Aber ich bin auch nicht überrascht, dass gestern eines ein Kind in San Mateo angefahren hat.
Als Waymos in unserer ruhigen Vorstadtgegend auftauchten, hielten sie sich nicht an die offiziellen Verkehrsregeln.
Aber sie fuhren auch nicht wie Einheimische. Sie haben nicht:
• Kindern auf Fahrrädern Vorrang gewährt
• An blinden Kurven langsamer gefahren
• Fußgängern einen extra breiten Abstand gegeben
Kurz gesagt, sie haben die unausgesprochenen kulturellen Verkehrsregeln unserer Stadt verletzt.
Im Fall des Unfalls vor einer Grundschule gestern bezweifle ich nicht, dass ein Waymo viel schneller anhalten könnte als ein menschlicher Fahrer.
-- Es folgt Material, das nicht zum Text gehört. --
(* Proof idea (fixed share with mixing rate alpha = 1/tau0).
   1. Hoeffding's lemma bounds the mixed loss p_t . l_t by the loss of any expert j plus
      (ln v_{j,t+1} - ln p_{j,t}) / eta + eta/8, where v_{t+1} is the exponential-weights update.
   2. The mixing step gives ln v_{j,t+1} <= ln p_{j,t+1} - ln (1 - alpha), so over an interval
      [r,s] the logarithms telescope; with v <= 1 and p_{j,r} >= alpha/d this bounds the loss
      on [r,s] by that of expert j plus (ln d + tau0 h(1/tau0))/eta + tau0 eta/8 when
      s + 1 - r <= tau0.
   3. A bound valid against every expert is a bound against every mixture q in the simplex,
      hence on every interval regret, hence on the tau0-adaptive regret.
   4. Choosing eta = sqrt (8 C / tau0) for C = tau0 h(1/tau0) + ln d balances the two terms into
      sqrt (tau0 C / 2); the second inequality is tau0 h(1/tau0) <= 1 + ln tau0.
   The degenerate case of a single expert (regret 0) is treated separately, since then C may vanish. *)

lemma exp_neg_le_chord:
  fixes \<eta> y :: real
  assumes "\<eta> \<ge> 0" and "0 \<le> y" and "y \<le> 1"
  shows "exp (- \<eta> * y) \<le> (1 - y) + y * exp (- \<eta>)"
proof -
  have "exp (\<eta> * ((1 - y) *\<^sub>R 0 + y *\<^sub>R (-1))) \<le> (1 - y) * exp (\<eta> * 0) + y * exp (\<eta> * (-1))"
    using assms by (intro convex_onD[OF convex_on_exp]) auto
  then show ?thesis by simp
qed
lemma square_summable_dilate:
  assumes a: "square_summable a" and n: "0 < n"
  shows "square_summable (\<lambda>m. a (m div n))"
proof (rule square_summable_boundI)
  fix K
  have "(\<Sum>m<K. (cmod (a (m div n)))\<^sup>2) \<le> (\<Sum>m<K * n. (cmod (a (m div n)))\<^sup>2)"
    using n by (intro sum_mono2) auto
  also have "\<dots> = (\<Sum>k<K. \<Sum>i<n. (cmod (a ((k * n + i) div n)))\<^sup>2)"
    by (simp flip: sum.nat_group add: sum_atLeastLessThan_add)
  also have "\<dots> = n * (\<Sum>k<K. (cmod (a k))\<^sup>2)"
    using n by (simp add: sum_distrib_left)
  also have "\<dots> \<le> n * (l2_norm a)\<^sup>2"
    using sum_le_l2_norm_square[OF a] by (simp add: mult_left_mono)
  finally show "(\<Sum>m<K. (cmod (a (m div n)))\<^sup>2) \<le> n * (l2_norm a)\<^sup>2" .
qed

lemma W_eq_h2_of_coeffs:
  assumes f: "f \<in> H2" and n: "0 < n"
  shows "W n f = h2_of_coeffs (\<lambda>m. h2coeff f (m div n))"
proof
  fix z
  define a where "a = h2coeff f"
  show "W n f z = h2_of_coeffs (\<lambda>m. h2coeff f (m div n)) z"
  proof (cases "z \<in> ball 0 1")
    case False
    then show ?thesis
      by (simp add: W_def h2_of_coeffs_def)
  next
    case True
    then have z: "norm z < 1"
      by simp
    have zn: "z ^ n \<in> ball 0 1"
      using z n by (simp add: norm_power power_less_one_iff)
    have "summable (\<lambda>m. a (m div n) * z ^ m)"
    proof (rule summable_comparison_test')
      show "summable (\<lambda>m. l2_norm a * norm z ^ m)"
        using z by (intro summable_mult summable_geometric) auto
      show "norm (a (m div n) * z ^ m) \<le> l2_norm a * norm z ^ m" for m
        using norm_le_l2_norm[OF square_summable_h2coeff[OF f]]
        by (simp add: a_def norm_mult norm_power mult_right_mono)
    qed
    from sums_group[OF summable_sums[OF this] n]
    have "(\<lambda>k. \<Sum>i<n. a ((k * n + i) div n) * z ^ (k * n + i)) sums (\<Sum>m. a (m div n) * z ^ m)"
      by (simp add: sum_atLeastLessThan_add)
    moreover have "(\<Sum>i<n. a ((k * n + i) div n) * z ^ (k * n + i)) = a k * (z ^ n) ^ k * (\<Sum>i<n. z ^ i)" for k
      using n by (simp add: sum_distrib_left sum_distrib_right power_add power_mult[symmetric] mult_ac)
    moreover have "(\<lambda>k. a k * (z ^ n) ^ k * (\<Sum>i<n. z ^ i)) sums (f (z ^ n) * (\<Sum>i<n. z ^ i))"
      using H2_sums[OF f zn] unfolding a_def by (rule sums_mult2)
    ultimately have "(\<Sum>m. a (m div n) * z ^ m) = f (z ^ n) * (\<Sum>i<n. z ^ i)"
      by (simp add: sums_unique2)
    then show ?thesis
      using True by (simp add: W_def h2_of_coeffs_def a_def mult.commute)
  qed
qed
section \<open>The recurrence coefficients\<close>

lemma recurrence_mcoeff:
  assumes rec: "\<And>x. x *\<^sub>R mpeval (P n) x = mpeval (P (Suc n)) x + B ** mpeval (P n) x
                 + C ** (if n = 0 then 0 else mpeval (P (n - 1)) x)"
    and monic: "\<And>k. monic_mpoly k (P k)" and n: "n \<ge> 1"
  shows "B = mcoeff (P n) (n-1) - mcoeff (P (Suc n)) n"
    and "n \<ge> 2 \<Longrightarrow> C = mcoeff (P n) (n-2) - mcoeff (P (Suc n)) (n-1) - B ** mcoeff (P n) (n-1)"
proof -
  define XP where "XP = (\<chi> i j. [:0,1:] * P n $ i $ j)"
  have "mpeval XP x = x *\<^sub>R mpeval (P n) x" for x
    by (simp add: XP_def mpeval_def vec_eq_iff)
  then have "mpeval XP x = mpeval (P (Suc n) + const_mpoly B ** P n + const_mpoly C ** P (n-1)) x" for x
    unfolding rec mpeval_add mpeval_mult mpeval_const_mpoly using n by simp
  then have XP: "XP = P (Suc n) + const_mpoly B ** P n + const_mpoly C ** P (n-1)"
    by (rule mpeval_inject)
  have shift: "mcoeff XP (Suc m) = mcoeff (P n) m" for m
    by (simp add: XP_def mcoeff_def vec_eq_iff)
  have "mcoeff (P (n-1)) n = 0"
    using monic_mpoly_mdegree_less[OF monic[of "n-1"]] n unfolding mdegree_less_def by simp
  with shift[of "n-1"] n show "B = mcoeff (P n) (n-1) - mcoeff (P (Suc n)) n"
    unfolding XP mcoeff_add mcoeff_const_mpoly_mult by (simp add: monic_mpoly_mcoeff[OF monic] eq_diff_eq add_ac)
  assume "n \<ge> 2"
  then have "Suc (n-2) = n-1" by arith
  with shift[of "n-2"] show "C = mcoeff (P n) (n-2) - mcoeff (P (Suc n)) (n-1) - B ** mcoeff (P n) (n-1)"
    unfolding XP mcoeff_add mcoeff_const_mpoly_mult by (simp add: monic_mpoly_mcoeff[OF monic] eq_diff_eq add_ac)
qed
Aber ich glaube auch fest daran, dass ein Waymo ignorant fahren würde, im Vergleich zu einem Elternteil, der sein eigenes sechsjähriges Kind morgens zur Schule bringt.
Ich weiß nicht, was Waymo derzeit tut, um Fahrstile hyperlokal zu gestalten. Aber hier sind ein paar Dinge, die Waymos helfen könnten, das lokale Fahrverhalten schneller zu übernehmen:
• Konstruktive Kritik von Fahrgästen in neuen Gebieten aktiv fördern
• Die „1-800-How’s My Driving“-Aufkleber wiederbeleben
• Versuchen, kulturelle Unterschiede in eine Reihe von Auswahlmöglichkeiten pro geografischem Gebiet zu kapseln? (z.B. Fußgängern Vorrang gewähren: J/N)
• Automatisch entlang eines Spektrums von passivem zu aggressivem Fahren anpassen, bestimmt durch den Standort
• Kostenlose „Trainingsfahrten“ für Einheimische anbieten, um nuanciertes Feedback zu geben
• Lokale Fahrguides einstellen...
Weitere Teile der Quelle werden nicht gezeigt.